If you want to see/hear how to do an “association podcast,” check out MSTA’s The Pulse.

9/11 and the Dawn of Video Citizen Journalism

I made a conscious –or unconscious– effort to not think about the attack on the World Trade Center Towers. I didn’t think I could stand to watch the video again. This evening I stumbled across never-before-seen video shot from 500 yards away and 36 floors up. I can’t think of any words to describe this video. I could not look away. It was somehow more horrible and more compelling without the mindless chatter of news goofs telling us what we are seeing.

Steve Rubel (I found this on his blog) says we should watch this that we never forget. There will be no forgetting the anguish in the voice of the woman shooting the video when the first building collapsed. I can understand why the couple never released the video. And why they finally did.

Forget all the news specials, docu-dramas and made-for-TV movies. This amazing account will sear your brain and break your heart.
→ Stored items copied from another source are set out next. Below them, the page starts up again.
(* Let $\mathbb X=\mathbb X^1\times\mathbb X^2$, let $S\colon\mathbb X^1\rightrightarrows\mathbb X^2$ have closed graph, let $\Omega\subset\mathbb X^1$ be closed, and define $\Phi\colon\mathbb X\rightrightarrows\mathbb X^1\times\mathbb X^2$ by $\Phi(x):=(\Omega-x^1,\,S(x^1)-x^2)$ for $x=(x^1,x^2)$. Fix $(\bar x,0)\in\operatorname{gph}\Phi$ and $u=(u^1,u^2)\in\mathbb S_{\mathbb X}$. Write $y=(y^1,y^2)$ for elements of $\mathbb X^1\times\mathbb X^2$. (i) Suppose there is no nonzero $\lambda\in D^*S((\bar x^1,\bar x^2);(u^1,u^2))(0)\cap(-\mathcal N_\Omega(\bar x^1;u^1))$ for which there exist sequences $\{(x_k,y_k)\}\subset\operatorname{gph}\Phi$ with $x_k\ne\bar x$, $\{\lambda_k\},\{\eta_k\}\subset\mathbb X^1$, $\{\mu_k\}\subset\mathbb X^2$ with $x_k\to\bar x$, $y_k\to0$, $\lambda_k\to\lambda$, $\mu_k\to0$, $\eta_k\to0$, $(x_k-\bar x)/\|x_k-\bar x\|\to u$, $y_k/\|x_k-\bar x\|\to0$, and, for all $k$, $\eta_k+\lambda_k\in\widehat D^*S(x_k^1,x_k^2+y_k^2)(\mu_k)$, $-\lambda_k\in\widehat{\mathcal N}_\Omega(x_k^1+y_k^1)$, and $\langle\lambda,y_k^1\rangle>0$. Then $\Phi$ is pseudo-normal at $(\bar x,0)$ in direction $u$. (ii) Let $\mathcal E^j=\{e^j_1,\dots,e^j_{m_j}\}$ be an orthonormal basis of $\mathbb X^j$, $j=1,2$. Suppose there is no nonzero $\lambda$ as in (i) for which there exist sequences as in (i) satisfying the same convergences and, for all $k$ and $i\in\{1,\dots,m_1\}$, $\eta_k+\lambda_k\in\widehat D^*S(x_k^1,x_k^2+y_k^2)(\mu_k)$, $-\lambda_k\in\widehat{\mathcal N}_\Omega(x_k^1+y_k^1)$, and $\langle\lambda,e^1_i\rangle\langle y_k^1,e^1_i\rangle>0$ whenever $\langle\lambda,e^1_i\rangle\ne0$. Then $\Phi$ is quasi-normal at $(\bar x,0)$ in direction $u$ w.r.t. the orthonormal basis $\mathcal E^1\times\mathcal E^2$ of $\mathbb X$ (i.e. $\{(e^1_i,0)\}\cup\{(0,e^2_j)\}$).
   Context: $\widehat{\mathcal N}_\Omega$ regular normal cone; $\mathcal N_\Omega(\bar x^1;u^1)$ directional limiting normal cone (limits of $\eta_k\in\widehat{\mathcal N}_\Omega(\bar x^1+t_kw_k)$, $w_k\to u^1$, $t_k\searrow0$). $\widehat D^*S(x^1,x^2)(\mu)=\{\xi\mid(\xi,-\mu)\in\widehat{\mathcal N}_{\operatorname{gph}S}(x^1,x^2)\}$; $D^*S((\bar x^1,\bar x^2);(u^1,u^2))(\mu)=\{\xi\mid(\xi,-\mu)\in\mathcal N_{\operatorname{gph}S}((\bar x^1,\bar x^2);(u^1,u^2))\}$. Directional pseudo-/quasi-normality of a closed-graph map $\Phi\colon\mathbb X\rightrightarrows\mathbb Y$ at $(\bar x,\bar y)$ in direction $u$: there is no nonzero $\lambda$ with $0\in D^*\Phi((\bar x,\bar y);(u,0))(\lambda)$ for which there exist $\{(x_k,y_k)\}\subset\operatorname{gph}\Phi$, $x_k\ne\bar x$, $\{\lambda_k\}\subset\mathbb Y$, $\{\eta_k\}\subset\mathbb X$ with $x_k\to\bar x$, $y_k\to\bar y$, $\lambda_k\to\lambda$, $\eta_k\to0$, $(x_k-\bar x)/\|x_k-\bar x\|\to u$, $(y_k-\bar y)/\|x_k-\bar x\|\to0$, $\eta_k\in\widehat D^*\Phi(x_k,y_k)(\lambda_k)$ for all $k$, and (pseudo) $\langle\lambda,y_k-\bar y\rangle>0$ for all $k$, resp. (quasi, w.r.t. orthonormal basis $\{e_i\}$ of $\mathbb Y$) $\langle\lambda,e_i\rangle\langle y_k-\bar y,e_i\rangle>0$ whenever $\langle\lambda,e_i\rangle\ne0$. *)

theory Defs
  imports "HOL-Analysis.Analysis"
begin

definition gph :: "('x \<Rightarrow> 'y set) \<Rightarrow> ('x \<times> 'y) set" where
  "gph F = {(x, y). y \<in> F x}"

definition reg_normal :: "'a::real_inner set \<Rightarrow> 'a \<Rightarrow> 'a set" where
  "reg_normal \<Omega> x =
     (if x \<in> \<Omega> then
        {v. \<forall>\<epsilon>>0. \<exists>\<delta>>0. \<forall>x'\<in>\<Omega>. norm (x' - x) < \<delta> \<longrightarrow> inner v (x' - x) \<le> \<epsilon> * norm (x' - x)}
      else {})"

definition dir_normal :: "'a::real_inner set \<Rightarrow> 'a \<Rightarrow> 'a \<Rightarrow> 'a set" where
  "dir_normal \<Omega> x u =
     {\<eta>. \<exists>t w \<eta>s. (\<forall>k. t k > 0) \<and> t \<longlonglongrightarrow> 0 \<and> w \<longlonglongrightarrow> u \<and> \<eta>s \<longlonglongrightarrow> \<eta> \<and>
            (\<forall>k. \<eta>s k \<in> reg_normal \<Omega> (x + t k *\<^sub>R w k))}"

definition reg_coderiv :: "('a::real_inner \<Rightarrow> 'b::real_inner set) \<Rightarrow> 'a \<times> 'b \<Rightarrow> 'b \<Rightarrow> 'a set" where
  "reg_coderiv S p \<mu> = {\<xi>. (\<xi>, - \<mu>) \<in> reg_normal (gph S) p}"

definition dir_coderiv :: "('a::real_inner \<Rightarrow> 'b::real_inner set) \<Rightarrow> 'a \<times> 'b \<Rightarrow> 'a \<times> 'b \<Rightarrow> 'b \<Rightarrow> 'a set" where
  "dir_coderiv S p d \<mu> = {\<xi>. (\<xi>, - \<mu>) \<in> dir_normal (gph S) p d}"

definition dir_pseudo_normal :: "('x::real_inner \<Rightarrow> 'y::real_inner set) \<Rightarrow> 'x \<Rightarrow> 'y \<Rightarrow> 'x \<Rightarrow> bool" where
  "dir_pseudo_normal \<Phi> xb yb u \<longleftrightarrow>
     \<not> (\<exists>lam. lam \<noteq> 0 \<and> 0 \<in> dir_coderiv \<Phi> (xb, yb) (u, 0) lam \<and>
          (\<exists>xs ys lams \<eta>s.
             (\<forall>k. ys k \<in> \<Phi> (xs k) \<and> xs k \<noteq> xb) \<and>
             xs \<longlonglongrightarrow> xb \<and> ys \<longlonglongrightarrow> yb \<and> lams \<longlonglongrightarrow> lam \<and> \<eta>s \<longlonglongrightarrow> 0 \<and>
             (\<lambda>k. (1 / norm (xs k - xb)) *\<^sub>R (xs k - xb)) \<longlonglongrightarrow> u \<and>
             (\<lambda>k. (1 / norm (xs k - xb)) *\<^sub>R (ys k - yb)) \<longlonglongrightarrow> 0 \<and>
             (\<forall>k. \<eta>s k \<in> reg_coderiv \<Phi> (xs k, ys k) (lams k)) \<and>
             (\<forall>k. inner lam (ys k - yb) > 0)))"

definition dir_quasi_normal :: "('x::real_inner \<Rightarrow> 'y::real_inner set) \<Rightarrow> 'x \<Rightarrow> 'y \<Rightarrow> 'x \<Rightarrow> 'y set \<Rightarrow> bool" where
  "dir_quasi_normal \<Phi> xb yb u B \<longleftrightarrow>
     \<not> (\<exists>lam. lam \<noteq> 0 \<and> 0 \<in> dir_coderiv \<Phi> (xb, yb) (u, 0) lam \<and>
          (\<exists>xs ys lams \<eta>s.
             (\<forall>k. ys k \<in> \<Phi> (xs k) \<and> xs k \<noteq> xb) \<and>
             xs \<longlonglongrightarrow> xb \<and> ys \<longlonglongrightarrow> yb \<and> lams \<longlonglongrightarrow> lam \<and> \<eta>s \<longlonglongrightarrow> 0 \<and>
             (\<lambda>k. (1 / norm (xs k - xb)) *\<^sub>R (xs k - xb)) \<longlonglongrightarrow> u \<and>
             (\<lambda>k. (1 / norm (xs k - xb)) *\<^sub>R (ys k - yb)) \<longlonglongrightarrow> 0 \<and>
             (\<forall>k. \<eta>s k \<in> reg_coderiv \<Phi> (xs k, ys k) (lams k)) \<and>
             (\<forall>k. \<forall>e\<in>B. inner lam e \<noteq> 0 \<longrightarrow> inner lam e * inner (ys k - yb) e > 0)))"

definition orthonormal_basis :: "'a::euclidean_space set \<Rightarrow> bool" where
  "orthonormal_basis B \<longleftrightarrow> (\<forall>e\<in>B. norm e = 1) \<and> pairwise orthogonal B \<and> span B = UNIV"

definition PhiMap :: "'a::real_inner set \<Rightarrow> ('a \<Rightarrow> 'b::real_inner set) \<Rightarrow> 'a \<times> 'b \<Rightarrow> ('a \<times> 'b) set" where
  "PhiMap \<Omega> S x = {(w - fst x, v - snd x) | w v. w \<in> \<Omega> \<and> v \<in> S (fst x)}"

end

theory Submission
  imports Defs
begin

text \<open>The graph of \<Phi> is a linear reparametrisation of \<Omega> \<times> gph S \<times> X2:
  ((x1, x2), (y1, y2)) lies in gph \<Phi> iff x1 + y1 \<in> \<Omega> and (x1, x2 + y2) \<in> gph S.
  Testing a regular normal ((\<xi>1, \<xi>2), (\<zeta>1, \<zeta>2)) to gph \<Phi> along this parametrisation shows
  \<xi>2 = \<zeta>2, that \<zeta>1 is a regular normal to \<Omega> at x1 + y1 and that (\<xi>1 - \<zeta>1, \<zeta>2) is a regular
  normal to gph S at (x1, x2 + y2); being linear in the normal and in the base point, this splitting
  passes to directional limiting normals. For a multiplier (\<lambda>1, \<lambda>2) of \<Phi> with approximating
  multipliers (\<lambda>1_k, \<lambda>2_k) and regular coderivative elements \<eta>_k \<rightarrow> 0, the splitting gives
  \<lambda>2_k = - snd \<eta>_k \<rightarrow> 0, hence \<lambda>2 = 0; so sequences witnessing a failure of directional pseudo- or
  quasi-normality of \<Phi> are, with \<lambda> = \<lambda>1 and \<mu>_k = \<lambda>2_k, exactly the sequences the hypotheses exclude.\<close>

lemma mem_PhiMap: "y \<in> PhiMap \<Omega> S x \<longleftrightarrow> fst x + fst y \<in> \<Omega> \<and> snd x + snd y \<in> S (fst x)"
  unfolding PhiMap_def by (force simp: prod_eq_iff algebra_simps)

lemma reg_normal_UNIV: "reg_normal UNIV x = {0}"
proof -
  have "v = 0" if v: "v \<in> reg_normal UNIV x" for v
  proof (rule ccontr)
    assume "v \<noteq> 0"
    have "\<forall>\<epsilon>>0. \<exists>\<delta>>0. \<forall>x'. norm (x' - x) < \<delta> \<longrightarrow> inner v (x' - x) \<le> \<epsilon> * norm (x' - x)"
      using v by (simp add: reg_normal_def)
    moreover have "norm v / 2 > 0" using \<open>v \<noteq> 0\<close> by simp
    ultimately obtain \<delta> where "\<delta> > 0"
      and \<delta>: "\<And>x'. norm (x' - x) < \<delta> \<Longrightarrow> inner v (x' - x) \<le> norm v / 2 * norm (x' - x)"
      by blast
    define s where "s = \<delta> / (2 * norm v)"
    have "s > 0" using \<open>\<delta> > 0\<close> \<open>v \<noteq> 0\<close> by (simp add: s_def)
    have "norm ((x + s *\<^sub>R v) - x) < \<delta>"
      using \<open>\<delta> > 0\<close> \<open>v \<noteq> 0\<close> by (simp add: s_def)
    from \<delta>[OF this] have "s * inner v v \<le> s * (norm v * norm v) / 2"
      using \<open>s > 0\<close> by simp
    with \<open>s > 0\<close> \<open>v \<noteq> 0\<close> show False
      by (simp add: dot_square_norm power2_eq_square)
  qed
  moreover have "0 \<in> reg_normal UNIV x" unfolding reg_normal_def by auto
  ultimately show ?thesis by blast
qed

lemma reg_normal_linear_pullback:
  assumes v: "v \<in> reg_normal A p" and "b \<in> B" and L: "bounded_linear L"
    and into: "\<And>z. z \<in> B \<Longrightarrow> p + L (z - b) \<in> A"
    and adj: "\<And>z. inner w z = inner v (L z)"
  shows "w \<in> reg_normal B b"
proof -
  obtain K where "K > 0" and K: "\<And>z. norm (L z) \<le> norm z * K"
    using bounded_linear.pos_bounded[OF L] by blast
  have v_reg: "\<forall>\<epsilon>>0. \<exists>\<delta>>0. \<forall>q\<in>A. norm (q - p) < \<delta> \<longrightarrow> inner v (q - p) \<le> \<epsilon> * norm (q - p)"
    using v unfolding reg_normal_def by (cases "p \<in> A") auto
  have "\<exists>\<delta>>0. \<forall>z\<in>B. norm (z - b) < \<delta> \<longrightarrow> inner w (z - b) \<le> \<epsilon> * norm (z - b)"
    if "\<epsilon> > 0" for \<epsilon>
  proof -
    have "\<epsilon> / K > 0" using \<open>\<epsilon> > 0\<close> \<open>K > 0\<close> by simp
    then obtain \<delta> where "\<delta> > 0"
      and \<delta>: "\<And>q. q \<in> A \<Longrightarrow> norm (q - p) < \<delta> \<Longrightarrow> inner v (q - p) \<le> \<epsilon> / K * norm (q - p)"
      using v_reg by blast
    have "inner w (z - b) \<le> \<epsilon> * norm (z - b)" if "z \<in> B" "norm (z - b) < \<delta> / K" for z
    proof -
      have "norm (z - b) * K < \<delta>"
        using that(2) \<open>K > 0\<close> by (simp add: pos_less_divide_eq)
      then have "norm (L (z - b)) < \<delta>"
        using K[of "z - b"] by linarith
      then have "inner v (L (z - b)) \<le> \<epsilon> / K * norm (L (z - b))"
        using \<delta>[OF into[OF \<open>z \<in> B\<close>]] by simp
      also have "\<dots> \<le> \<epsilon> / K * (norm (z - b) * K)"
        using K \<open>\<epsilon> / K > 0\<close> by (intro mult_left_mono) auto
      finally show ?thesis using \<open>K > 0\<close> by (simp add: adj)
    qed
    then show ?thesis using \<open>\<delta> > 0\<close> \<open>K > 0\<close> by (intro exI[of _ "\<delta> / K"]) auto
  qed
  then show ?thesis using \<open>b \<in> B\<close> unfolding reg_normal_def by simp
qed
It’s a long download but, as Steve says, something you should see.

MSTA Podcast: The Pulse

Todd Fuller and Gail McCrayTodd Fuller and Gail McCray produce and co-host The Pulse, a weekly podcast for the Missouri State Teachers Association. The 25 podcasts they’ve produced since January, 2006, cover a wide variety of topics. When I listened to one of their podcasts last week, I was immediately struck by the quality and professionalism of the production. Not sure why I was surprised, since they’re both communications pros but it drove home one more time that anyone with something to say now has the means to be heard.

Near the end of the 30 minute chat (AUDIO), Todd mentions something I found very interesting. The association endorses political candidates and it’s a big deal (at least to the candidates). Typically those announcements would be made via news release to the big newspapers and media outlets. This year, MSTA plans to make the announcement on their podcast as well as putting the word out via blogs. I think that is brilliant I’ll bet they get a lot of play out of it.

Todd and Gail are making great use of podcasting and I have no doubt other associations will see the impact of what MSTA is doing and jump in the water.

PS: In addition to Todd and Gail, you’ll hear David Brazeal in a couple of places… but we lost him due to my lack of experience with Skype.

Prairie Garden Trust Podcast

Tin CansMy friend Henry Domke has produced and posted the first Prairie Garden Trust Podcast. Friends and supporters of PGT can now get regular updates via podcast. While I’m not exactly an “outdoorsy” guy, I’m stoked about Henry using this new technology. He invested a couple of hundred bucks in a podcast starter set (mics, mixer, headphones, etc) and is using GarageBand3 (MacBook) to produce. In a matter of hours, he had his first show online, ready for subscribers. His first show has a couple of rough edges but he’ll smooth those out as he goes.

In The Old Days, he might have tried to find a radio station that would give him (sell him?) some time on a Sunday morning. Today, he’s global. Anybody, anytime, anywhere. If they care about his topic, they can listen. Still another example of The Long Tail at work. No topic is too obscure. If one person cares enough to produce the show … and one cares enough to listen, the costs of production and distribution are so close to zero, there is no barrier to getting started.